5.1 A linguagem e a construção de sentidos

Esta pesquisa parte do pressuposto de que a interface foi criada para facilitar a interação das pessoas com os computadores e que, por isso, utiliza metáforas visuais como referência a representações familiares de seus leitores. A partir dessa premissa, questões importantes norteiam nossa investigação: Que referências cada pessoa constrói ao lidar com a interface? Que significados emergem dessa interação? Como outras práticas letradas influenciam as experiências de construção de sentido? Quais os limites e possibilidades dessa interação? É possível afirmar que todas as pessoas vivenciam as mesmas experiências de construção de sentido quando estão utilizando ou aprendendo a utilizar o computador?

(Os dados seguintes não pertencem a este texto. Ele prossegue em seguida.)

theorem lemma4p3:
  fixes p q :: "real^2"
    and U U' U'' :: "real \<Rightarrow> real \<Rightarrow> real^2"
    and C L :: real
  assumes "p $ 2 = 0" and "q $ 2 = 0" and "p \<noteq> q"
    and "L = dist p q"
    and "C > 0"
    and H2: "\<And>\<epsilon>. \<epsilon> \<in> {0<..1} \<Longrightarrow> H2_curve 0 L (U \<epsilon>) (U' \<epsilon>) (U'' \<epsilon>)"
    and speed: "\<And>\<epsilon> x. \<epsilon> \<in> {0<..1} \<Longrightarrow> x \<in> {0..L} \<Longrightarrow>
                 norm (U' \<epsilon> x) = curve_length L (U \<epsilon>) / L"
    and start: "\<And>\<epsilon>. \<epsilon> \<in> {0<..1} \<Longrightarrow> U \<epsilon> 0 = p"
    and finish: "\<And>\<epsilon>. \<epsilon> \<in> {0<..1} \<Longrightarrow> U \<epsilon> L = q"
    and horiz0: "\<And>\<epsilon>. \<epsilon> \<in> {0<..1} \<Longrightarrow> U' \<epsilon> 0 $ 2 = 0"
    and horizL: "\<And>\<epsilon>. \<epsilon> \<in> {0<..1} \<Longrightarrow> U' \<epsilon> L $ 2 = 0"
    and len: "\<And>\<epsilon>. \<epsilon> \<in> {0<..1} \<Longrightarrow> curve_length L (U \<epsilon>) - dist p q \<le> C * sqrt \<epsilon>"
    and curv: "\<And>\<epsilon>. \<epsilon> \<in> {0<..1} \<Longrightarrow>
       \<exists>g' g''. H2_curve 0 (curve_length L (U \<epsilon>)) (arclength_reparam L (U \<epsilon>)) g' g'' \<and>
         sqrt \<epsilon> * integral {0..curve_length L (U \<epsilon>)} (\<lambda>s. norm (g'' s) ^ 2) \<le> C"
  shows "\<exists>e :: nat \<Rightarrow> real. \<exists>V V' :: real \<Rightarrow> real^2.
           (\<forall>n. e n \<in> {0<..1}) \<and> e \<longlonglongrightarrow> 0 \<and>
           W1inf_curve 0 L V V' \<and>
           (\<lambda>n. L2sq L (\<lambda>x. U (e n) x - V x) + L2sq L (\<lambda>x. U' (e n) x - V' x)) \<longlonglongrightarrow> 0 \<and>
           (\<forall>\<phi> :: real \<Rightarrow> real^2. \<phi> absolutely_integrable_on {0..L} \<longrightarrow>
              (\<lambda>n. integral {0..L} (\<lambda>x. \<phi> x \<bullet> (U (e n) x - V x))) \<longlonglongrightarrow> 0 \<and>
              (\<lambda>n. integral {0..L} (\<lambda>x. \<phi> x \<bullet> (U' (e n) x - V' x))) \<longlonglongrightarrow> 0) \<and>
           (\<exists>C'>0. \<forall>n. L2sq L (\<lambda>x. U' (e n) x - V' x) \<le> C' * sqrt (e n))"
proof -
  have L: "L = dist p q" "0 < L"
    using assms(3,4) by simp_all
  define c where "c = (q - p) /\<^sub>R L"
  define V where "V = (\<lambda>x. p + x *\<^sub>R c)"
  define e where "e n = 1 / real (Suc n)" for n
  define K where "K = C * (2 * L + C) / L"
  have e: "e n \<in> {0<..1}" and sqrt_e: "0 \<le> sqrt (e n)" "sqrt (e n) \<le> 1" for n
    by (simp_all add: e_def)
  have "e \<longlonglongrightarrow> 0"
    using LIMSEQ_inverse_real_of_nat by (simp add: e_def[abs_def] inverse_eq_divide)
  have "K > 0"
    unfolding K_def using L(2) \<open>C > 0\<close> by (intro divide_pos_pos mult_pos_pos) auto
  have U: "(U (e n) has_vector_derivative U' (e n) x) (at x within {0..L})" if "x \<in> {0..L}" for n x
    using H2[OF e] that unfolding H2_curve_def by blast
  have U'_cont: "continuous_on {0..L} (\<lambda>x. U' (e n) x - c)" for n
    using H2_curve_continuous_on_derivative[OF H2[OF e]] by (intro continuous_intros)
  have V: "(V has_vector_derivative c) (at x within {0..L})" for x
    unfolding V_def by (auto intro!: derivative_eq_intros)
  have initial: "U (e n) 0 = V 0" for n
    using start[OF e] by (simp add: V_def)
  note deviation = constant_speed_deviation_le[OF L U start[OF e] finish[OF e] speed[OF e]
      len[OF e, folded L(1)] less_imp_le[OF \<open>C > 0\<close>] sqrt_e, folded c_def K_def L2sq_def]
  have derivative_L2: "(\<lambda>n. L2sq L (\<lambda>x. U' (e n) x - c)) \<longlonglongrightarrow> 0"
  proof (rule Lim_null_comparison)
    show "\<forall>\<^sub>F n in sequentially. norm (L2sq L (\<lambda>x. U' (e n) x - c)) \<le> K * sqrt (e n)"
      using deviation(1) L2sq_nonneg by (intro always_eventually allI) simp
    show "(\<lambda>n. K * sqrt (e n)) \<longlonglongrightarrow> 0"
      using tendsto_mult_right_zero[OF tendsto_real_sqrt[OF \<open>e \<longlonglongrightarrow> 0\<close>, unfolded real_sqrt_zero]] .
  qed
  note convergence = L2_and_weak_convergence_of_derivative_convergence[OF _ U V initial U'_cont
      deviation(2) derivative_L2[unfolded L2sq_def]]
  show ?thesis
  proof (rule exI[of _ e], rule exI[of _ V], rule exI[of _ "\<lambda>_. c"], intro conjI allI impI)
    show "(\<lambda>n. L2sq L (\<lambda>x. U (e n) x - V x) + L2sq L (\<lambda>x. U' (e n) x - c)) \<longlonglongrightarrow> 0"
      using tendsto_add_zero[OF convergence(1) derivative_L2] L(2) by (simp add: L2sq_def)
    show "W1inf_curve 0 L V (\<lambda>_. c)"
      unfolding V_def by (rule W1inf_curve_affine)
  qed (use e \<open>e \<longlonglongrightarrow> 0\<close> \<open>K > 0\<close> deviation(1) convergence(2,3) L(2) in auto)
qed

Para tentar responder a essas perguntas, buscaremos subsídios teóricos na Lingüística Cognitiva, a partir de uma concepção de linguagem que desconsidera as divisões tradicionais da lingüística e, em vez de trabalhar a partir da combinação de níveis distintos de categorias (morfema, lexema, frase, sentença, etc.), lida com a noção de construções. O sentido é construído a partir do processamento dessas construções e o resultado desse processamento será sempre uma estrutura emergente, não- composicional, ou seja, diferente da simples combinação dos elementos iniciais.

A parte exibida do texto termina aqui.